By Diane Palombi, OD
April 22, 2015
When I was in practice, the frames that sold best were the ones worn by my staff and myself. I suspect that when a frame is worn by a staff member, the patient perceives it as a quality, stylish frame.
The patient can inquire to the staff member about the comfort of their frame, and there is the advantage of seeing the frame on a person, rather than just on the board. This gives the patient a better sense of what the frame might look like on their own face.
Fortunately, I had employees of many ages–from young adults, like my daughter, to myself (in my 40s and 50s then)–to serve as models. Many of my patients were around my age, and were often interested in the frames I was wearing. However, I sometimes had patients the same age as me, or older, who were more interested in the frames my daughter was wearing.
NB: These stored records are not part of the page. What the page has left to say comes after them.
text \<open>If the empty sector after wi has opening at least pi, every q inside it is a DG^- neighbour:
  the functional pointing in a direction \<psi> \<in> [pi, \<theta>] beyond q is positive at q, and any
  positive maximiser over W would be a DT-neighbour inside the sector.\<close>
lemma reflex_sector_adjacent:
  assumes "finite W" "W - {p} \<noteq> {}" "p \<in> P" "q \<in> P" "q \<noteq> p" "wi \<noteq> p" "wj \<noteq> p"
    and empty: "\<forall>w. DT_adj (W \<union> {p}) p w \<longrightarrow> \<not> ccw_angle p wi w < ccw_angle p wi wj"
    and q: "ccw_angle p wi q < ccw_angle p wi wj" and reflex: "pi \<le> ccw_angle p wi wj"
  shows "DGminus_adj P W p q"
proof -
  define \<theta> where "\<theta> = ccw_angle p wi wj"
  define \<psi> where "\<psi> = max pi ((ccw_angle p wi q + \<theta>) / 2)"
  define k where "k = - \<i> * ((wi - p) * cis \<psi>)"
  have bounds: "pi \<le> \<psi>" "\<psi> \<le> \<theta>" "ccw_angle p wi q < \<psi>" "\<psi> - ccw_angle p wi q < pi"
    using q reflex ccw_polar(3)[OF assms(7,6)] ccw_polar(2)[OF assms(5,6)]
    unfolding \<psi>_def \<theta>_def by (auto simp: max_def)
  have pos_q: "0 < inv_height p k q"
  proof -
    obtain K where "0 < K" "inv_height p k q = K * sin (\<psi> - ccw_angle p wi q)"
      using height_towards_direction[OF assms(5,6)] unfolding k_def .
    moreover have "0 < sin (\<psi> - ccw_angle p wi q)" using bounds by (intro sin_gt_zero) auto
    ultimately show ?thesis by simp
  qed
  have nonpos_outside: "inv_height p k u \<le> 0" if u: "u \<noteq> p" and beyond: "\<theta> \<le> ccw_angle p wi u" for u
  proof -
    obtain K where K: "0 < K" "inv_height p k u = K * sin (\<psi> - ccw_angle p wi u)"
      using height_towards_direction[OF u assms(6)] unfolding k_def .
    have "0 \<le> sin (ccw_angle p wi u - \<psi>)"
      using bounds beyond ccw_polar(3)[OF u assms(6)] by (intro sin_ge_zero) auto
    moreover have "sin (\<psi> - ccw_angle p wi u) = - sin (ccw_angle p wi u - \<psi>)"
      by (metis minus_diff_eq sin_minus)
    ultimately show ?thesis using K by (simp add: mult_nonneg_nonpos)
  qed
  have "inv_height p k u \<le> 0" if "DT_adj (W \<union> {p}) p u" for u
    using that empty nonpos_outside DT_adj_supporting(2) unfolding \<theta>_def by force
  hence "\<forall>w\<in>W - {p}. inv_height p k w \<le> 0"
    by (intro height_bound_from_DT_neighbours[OF assms(1,2)]) auto
  hence "\<forall>w\<in>W - {p}. inv_height p k w \<le> inv_height p k q" using pos_q by force
  thus ?thesis using DGminus_adj_of_max[OF assms(3,4,5) pos_q] by simp
qed

section \<open>The convex case\<close>

text \<open>If q lies strictly inside a convex sector between two points wi, wj of W, any circle
  through p and q without points of W inside forces q into the circle through p, wi, wj;
  the inequality is strict because no four points are concyclic.\<close>
lemma convex_sector_adj_imp_in_circumdisk:
  assumes gp: "gen_pos (P \<union> W)" and "p \<in> P" "q \<in> P" "q \<noteq> p"
    and "wi \<in> W" "wj \<in> W" "wi \<noteq> p" "wj \<noteq> p"
    and convex: "ccw_angle p wi wj < pi" and q: "ccw_angle p wi q < ccw_angle p wi wj"
    and "DGminus_adj P W p q"
  shows "in_circumdisk p wi wj q"
proof -
  obtain g where g: "supporting p W q g" using DGminus_adj_supporting assms(11) by blast
  obtain c where c: "inv_height p c wi = 1/2" "inv_height p c wj = 1/2"
    using circle_through_pair[OF assms(7,8) convex] .
  obtain \<alpha> \<beta> where ab: "\<And>c. inv_height p c q = \<alpha> * inv_height p c wi + \<beta> * inv_height p c wj"
    and pos: "0 < \<alpha>" "0 < \<beta>"
    using sector_coordinates[OF assms(4,7,8) convex] q by metis
  have "inv_height p g wi \<le> 1/2" "inv_height p g wj \<le> 1/2"
    using g assms(5-8) unfolding supporting_def by auto
  hence "inv_height p g q \<le> \<alpha> * (1/2) + \<beta> * (1/2)"
    unfolding ab using pos by (intro add_mono mult_left_mono) auto
  also have "\<dots> = inv_height p c q" unfolding ab c ..
  finally have ge: "1/2 \<le> inv_height p c q" using g unfolding supporting_def by simp
  have circ: "dist (p + c) p = cmod c" "dist (p + c) wi = cmod c" "dist (p + c) wj = cmod c"
    using on_circle_iff[OF assms(7)] on_circle_iff[OF assms(8)] c by (auto simp: dist_norm)
  have "inv_height p c q \<noteq> 1/2"
  proof
    assume "inv_height p c q = 1/2"
    hence "concyclic4 p wi wj q"
      unfolding concyclic4_def using circ on_circle_iff[OF assms(4)] by metis
    moreover have "distinct [p, wi, wj, q]"
      using assms(4,7,8) q convex ccw_angle_self[OF assms(7)] ccw_polar(3)[OF assms(8,7)] by auto
    ultimately show False using gp assms(2,3,5,6) unfolding gen_pos_def by blast
  qed
  hence "dist (p + c) q < cmod c" using ge inside_circle_iff[OF assms(4)] by auto
  thus ?thesis unfolding in_circumdisk_def using circ by metis
qed

text \<open>It suffices to check DT-neighbours u; such u lies outside the
  sector, so one of its coordinates is nonpositive, and if u were above 1/2 the supporting
  circle at wj or at wi would contain it.\<close>
lemma convex_sector_circle_empty:
  assumes "finite W" "W - {p} \<noteq> {}" "wi \<in> W" "wj \<in> W" "wi \<noteq> p" "wj \<noteq> p"
    and empty: "\<forall>w. DT_adj (W \<union> {p}) p w \<longrightarrow> \<not> ccw_angle p wi w < ccw_angle p wi wj"
    and convex: "ccw_angle p wi wj < pi"
    and si: "supporting p W wi ci" and sj: "supporting p W wj cj"
    and c: "inv_height p c wi = 1/2" "inv_height p c wj = 1/2"
  shows "\<forall>w\<in>W - {p}. inv_height p c w \<le> 1/2"
proof (rule height_bound_from_DT_neighbours[OF assms(1,2)])
  fix u assume "DT_adj (W \<union> {p}) p u"
  note u = DT_adj_supporting(1,2)[OF this] and outside = empty[rule_format, OF this]
  show "inv_height p c u \<le> 1/2"
  proof (rule ccontr)
    assume gt: "\<not> ?thesis"
    obtain \<alpha> \<beta> where ab: "\<And>c. inv_height p c u = \<alpha> * inv_height p c wi + \<beta> * inv_height p c wj"
      and sector: "ccw_angle p wi u < ccw_angle p wi wj \<longleftrightarrow> 0 < \<alpha> \<and> 0 < \<beta>"
      using sector_coordinates[of u p wi wj] u assms(5,6) convex by blast
    have sum: "1 < \<alpha> + \<beta>" using gt ab[of c] c by simp
    have half: "inv_height p cj wi \<le> 1/2" "inv_height p ci wj \<le> 1/2"
      "inv_height p ci wi = 1/2" "inv_height p cj wj = 1/2"
      using si sj assms(3-6) unfolding supporting_def by auto
    from outside sector have "\<alpha> \<le> 0 \<or> \<beta> \<le> 0" by auto
    hence "1/2 < inv_height p cj u \<or> 1/2 < inv_height p ci u"
    proof
      assume "\<alpha> \<le> 0"
      hence "\<alpha> * (1/2) \<le> \<alpha> * inv_height p cj wi" using half by (intro mult_left_mono_neg) auto
      thus ?thesis using sum ab[of cj] half by simp
    next
      assume "\<beta> \<le> 0"
      hence "\<beta> * (1/2) \<le> \<beta> * inv_height p ci wj" using half by (intro mult_left_mono_neg) auto
      thus ?thesis using sum ab[of ci] half by simp
    qed
    thus False using si sj u unfolding supporting_def by (meson Diff_iff not_le singletonD)
  qed
qed simp

lemma convex_sector_in_circumdisk_imp_adj:
  assumes "finite W" "W - {p} \<noteq> {}" "p \<in> P" "q \<in> P" "q \<noteq> p"
    and "DT_adj (W \<union> {p}) p wi" "DT_adj (W \<union> {p}) p wj"
    and empty: "\<forall>w. DT_adj (W \<union> {p}) p w \<longrightarrow> \<not> ccw_angle p wi w < ccw_angle p wi wj"
    and convex: "ccw_angle p wi wj < pi" and "in_circumdisk p wi wj q"
  shows "DGminus_adj P W p q"
proof -
  obtain z where z: "dist z p = dist z wi" "dist z wi = dist z wj" "dist z q < dist z p"
    using assms(10) unfolding in_circumdisk_def by blast
  define c where "c = z - p"
  have zc: "z = p + c" "dist z p = cmod c" unfolding c_def by (auto simp: dist_norm norm_minus_commute)
  note wi = DT_adj_supporting[OF assms(6)] and wj = DT_adj_supporting[OF assms(7)]
  obtain ci cj where "supporting p W wi ci" "supporting p W wj cj" using wi(3) wj(3) by blast
  moreover have "inv_height p c wi = 1/2" "inv_height p c wj = 1/2"
    using on_circle_iff[OF wi(2), of c] on_circle_iff[OF wj(2), of c] z zc by auto
  ultimately have "\<forall>w\<in>W - {p}. inv_height p c w \<le> 1/2"
    using convex_sector_circle_empty[OF assms(1,2) wi(1) wj(1) wi(2) wj(2) empty convex] by blast
  moreover have cq: "1/2 < inv_height p c q" using inside_circle_iff[OF assms(5), of c] z zc by auto
  ultimately have "\<forall>w\<in>W - {p}. inv_height p c w \<le> inv_height p c q" by force
  thus ?thesis using DGminus_adj_of_max[OF assms(3-5), of c] cq by simp
qed

theorem mainTheorem2:
  fixes P W :: "complex set" and p q wi wj :: complex
  assumes "finite P" and "finite W" and "gen_pos (P \<union> W)"
    and "p \<in> P" and "W - {p} \<noteq> {}"
    and "DT_adj (W \<union> {p}) p wi" and "DT_adj (W \<union> {p}) p wj"
    and "\<forall>w. DT_adj (W \<union> {p}) p w \<longrightarrow> \<not> ccw_angle p wi w < ccw_angle p wi wj"
    and "q \<in> P" and "q \<noteq> p"
    and "ccw_angle p wi q < ccw_angle p wi wj"
  shows "(ccw_angle p wi wj \<ge> pi \<longrightarrow> DGminus_adj P W p q) \<and>
         (ccw_angle p wi wj < pi \<longrightarrow> (DGminus_adj P W p q \<longleftrightarrow> in_circumdisk p wi wj q))"
proof -
  note wi = DT_adj_supporting(1,2)[OF assms(6)] and wj = DT_adj_supporting(1,2)[OF assms(7)]
  have "pi \<le> ccw_angle p wi wj \<longrightarrow> DGminus_adj P W p q"
    using reflex_sector_adjacent[OF assms(2,5,4,9,10) wi(2) wj(2) assms(8,11)] by blast
  moreover have "DGminus_adj P W p q \<longleftrightarrow> in_circumdisk p wi wj q"
    if convex: "ccw_angle p wi wj < pi"
    using convex_sector_adj_imp_in_circumdisk[OF assms(3,4,9,10) wi(1) wj(1) wi(2) wj(2) convex assms(11)]
      convex_sector_in_circumdisk_imp_adj[OF assms(2,5,4,9,10,6,7,8) convex] by blast
  ultimately show ?thesis by blast
qed

end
Frames that you wouldn’t think would be popular, could be, if worn by your optician. My optician once wore a burgundy plastic frame with gold snakes on the temples because she found it so comfortable. I was surprised to see sales of even this unusual frame increase dramatically after patients saw my optician wearing it.
The frames I wore as doctor also were always a bestseller. The patient assumption seemed to be that if the frame was good enough for the doctor, it was good enough for them.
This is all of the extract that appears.